--- PROVIDED DATA ---

(* Let $\mathcal{X}$ be finite and let $V_n:\mathcal{X}^n\rightsquigarrow\mathcal{Y}_n$ ($\mathcal{Y}_n$ countable) be a channel sequence, with $\overline{p}_n$ a distribution on $\mathcal{X}^n$ attaining $\mathbf{I}(V_n)=\max_p\mathbf{I}(V_n,p)$. Let $\varphi_n=-\log_2\inf\big(\{V_n(y|x)\}_{x,y}\setminus\{0\}\big)\ge0$. For a sequence $\delta_n\in[0,1]$ define $\hat p_n(x)=(1-\delta_n)\overline{p}_n(x)+\delta_n/|\mathcal{X}|^n$. Then $\mathbf{I}(V_n)-\mathbf{I}(V_n,\hat p_n)=O(\delta_n(n+\varphi_n))$. In particular, if $\delta_n=o(1/\varphi_n)$ and $\delta_n=o(1)$, and the limit $\mathbf{I}(V)=\lim_n\mathbf{I}(V_n)/n$ exists, then $\lim_{n\to\infty}\mathbf{I}(V_n,\hat p_n)/n=\mathbf{I}(V)$; and if $\delta_n=o(1/\varphi_n)$ and $\delta_n=o(1/n)$, then $\lim_{n\to\infty}[\mathbf{I}(V_n)-\mathbf{I}(V_n,\hat p_n)]=0$.
   Context: A channel $W:\mathcal{A}\rightsquigarrow\mathcal{B}$ is a family of probability distributions $W(\cdot|a)$ on $\mathcal{B}$. For a distribution $p$: $p\bullet W(b)=\sum_a p(a)W(b|a)$; $\mathbf{i}(W,p,a,b)=\log_2\frac{W(b|a)}{p\bullet W(b)}$ if $W(b|a)>0$ and $p\bullet W(b)>0$, else $0$; $\mathbf{I}(W,p)=\sum_{a,b}p(a)W(b|a)\mathbf{i}(W,p,a,b)$, $\mathbf{I}(W)=\max_p\mathbf{I}(W,p)$. $a_n=O(b_n)$ means $|a_n|\le Cb_n$ for some constant $C$ and all large $n$; $a_n=o(b_n)$ means $a_n/b_n\to0$. *)

theory Defs
  imports "HOL-Analysis.Analysis"
begin

definition is_channel :: "'a set \<Rightarrow> ('a \<Rightarrow> 'b \<Rightarrow> real) \<Rightarrow> bool" where
  "is_channel A W \<longleftrightarrow> (\<forall>a\<in>A. (\<forall>b. W a b \<ge> 0) \<and> (W a has_sum 1) UNIV)"

definition dists :: "'a set \<Rightarrow> ('a \<Rightarrow> real) set" where
  "dists A = {p. (\<forall>a\<in>A. p a \<ge> 0) \<and> sum p A = 1}"

definition outdist :: "'a set \<Rightarrow> ('a \<Rightarrow> 'b \<Rightarrow> real) \<Rightarrow> ('a \<Rightarrow> real) \<Rightarrow> 'b \<Rightarrow> real" where
  "outdist A W p b = (\<Sum>a\<in>A. p a * W a b)"

definition infdens :: "'a set \<Rightarrow> ('a \<Rightarrow> 'b \<Rightarrow> real) \<Rightarrow> ('a \<Rightarrow> real) \<Rightarrow> 'a \<Rightarrow> 'b \<Rightarrow> real" where
  "infdens A W p a b =
     (if W a b > 0 \<and> outdist A W p b > 0 then log 2 (W a b / outdist A W p b) else 0)"

definition mutinf :: "'a set \<Rightarrow> ('a \<Rightarrow> 'b \<Rightarrow> real) \<Rightarrow> ('a \<Rightarrow> real) \<Rightarrow> real" where
  "mutinf A W p = (\<Sum>\<^sub>\<infinity>(a,b)\<in>A \<times> UNIV. p a * W a b * infdens A W p a b)"

definition capacity :: "'a set \<Rightarrow> ('a \<Rightarrow> 'b \<Rightarrow> real) \<Rightarrow> real" where
  "capacity A W = (SUP p\<in>dists A. mutinf A W p)"

definition minprob :: "'a set \<Rightarrow> ('a \<Rightarrow> 'b \<Rightarrow> real) \<Rightarrow> real" where
  "minprob A W = Inf {W a b | a b. a \<in> A \<and> W a b \<noteq> 0}"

---

An acceptable answer repeats every entry exactly, with nothing omitted.

- REPLY TO THE TASK
(* Let $\mathcal{X}$ be finite and let $V_n:\mathcal{X}^n\rightsquigarrow\mathcal{Y}_n$ ($\mathcal{Y}_n$ countable) be a channel sequence, with $\overline{p}_n$ a distribution on $\mathcal{X}^n$ attaining $\mathbf{I}(V_n)=\max_p\mathbf{I}(V_n,p)$. Let $\varphi_n=-\log_2\inf\big(\{V_n(y|x)\}_{x,y}\setminus\{0\}\big)\ge0$. For a sequence $\delta_n\in[0,1]$ define $\hat p_n(x)=(1-\delta_n)\overline{p}_n(x)+\delta_n/|\mathcal{X}|^n$. Then $\mathbf{I}(V_n)-\mathbf{I}(V_n,\hat p_n)=O(\delta_n(n+\varphi_n))$. In particular, if $\delta_n=o(1/\varphi_n)$ and $\delta_n=o(1)$, and the limit $\mathbf{I}(V)=\lim_n\mathbf{I}(V_n)/n$ exists, then $\lim_{n\to\infty}\mathbf{I}(V_n,\hat p_n)/n=\mathbf{I}(V)$; and if $\delta_n=o(1/\varphi_n)$ and $\delta_n=o(1/n)$, then $\lim_{n\to\infty}[\mathbf{I}(V_n)-\mathbf{I}(V_n,\hat p_n)]=0$.
   Context: A channel $W:\mathcal{A}\rightsquigarrow\mathcal{B}$ is a family of probability distributions $W(\cdot|a)$ on $\mathcal{B}$. For a distribution $p$: $p\bullet W(b)=\sum_a p(a)W(b|a)$; $\mathbf{i}(W,p,a,b)=\log_2\frac{W(b|a)}{p\bullet W(b)}$ if $W(b|a)>0$ and $p\bullet W(b)>0$, else $0$; $\mathbf{I}(W,p)=\sum_{a,b}p(a)W(b|a)\mathbf{i}(W,p,a,b)$, $\mathbf{I}(W)=\max_p\mathbf{I}(W,p)$. $a_n=O(b_n)$ means $|a_n|\le Cb_n$ for some constant $C$ and all large $n$; $a_n=o(b_n)$ means $a_n/b_n\to0$. *)

theory Defs
  imports "HOL-Analysis.Analysis"
begin

definition is_channel :: "'a set \<Rightarrow> ('a \<Rightarrow> 'b \<Rightarrow> real) \<Rightarrow> bool" where
  "is_channel A W \<longleftrightarrow> (\<forall>a\<in>A. (\<forall>b. W a b \<ge> 0) \<and> (W a has_sum 1) UNIV)"

definition dists :: "'a set \<Rightarrow> ('a \<Rightarrow> real) set" where
  "dists A = {p. (\<forall>a\<in>A. p a \<ge> 0) \<and> sum p A = 1}"

definition outdist :: "'a set \<Rightarrow> ('a \<Rightarrow> 'b \<Rightarrow> real) \<Rightarrow> ('a \<Rightarrow> real) \<Rightarrow> 'b \<Rightarrow> real" where
  "outdist A W p b = (\<Sum>a\<in>A. p a * W a b)"

definition infdens :: "'a set \<Rightarrow> ('a \<Rightarrow> 'b \<Rightarrow> real) \<Rightarrow> ('a \<Rightarrow> real) \<Rightarrow> 'a \<Rightarrow> 'b \<Rightarrow> real" where
  "infdens A W p a b =
     (if W a b > 0 \<and> outdist A W p b > 0 then log 2 (W a b / outdist A W p b) else 0)"

definition mutinf :: "'a set \<Rightarrow> ('a \<Rightarrow> 'b \<Rightarrow> real) \<Rightarrow> ('a \<Rightarrow> real) \<Rightarrow> real" where
  "mutinf A W p = (\<Sum>\<^sub>\<infinity>(a,b)\<in>A \<times> UNIV. p a * W a b * infdens A W p a b)"

definition capacity :: "'a set \<Rightarrow> ('a \<Rightarrow> 'b \<Rightarrow> real) \<Rightarrow> real" where
  "capacity A W = (SUP p\<in>dists A. mutinf A W p)"

definition minprob :: "'a set \<Rightarrow> ('a \<Rightarrow> 'b \<Rightarrow> real) \<Rightarrow> real" where
  "minprob A W = Inf {W a b | a b. a \<in> A \<and> W a b \<noteq> 0}"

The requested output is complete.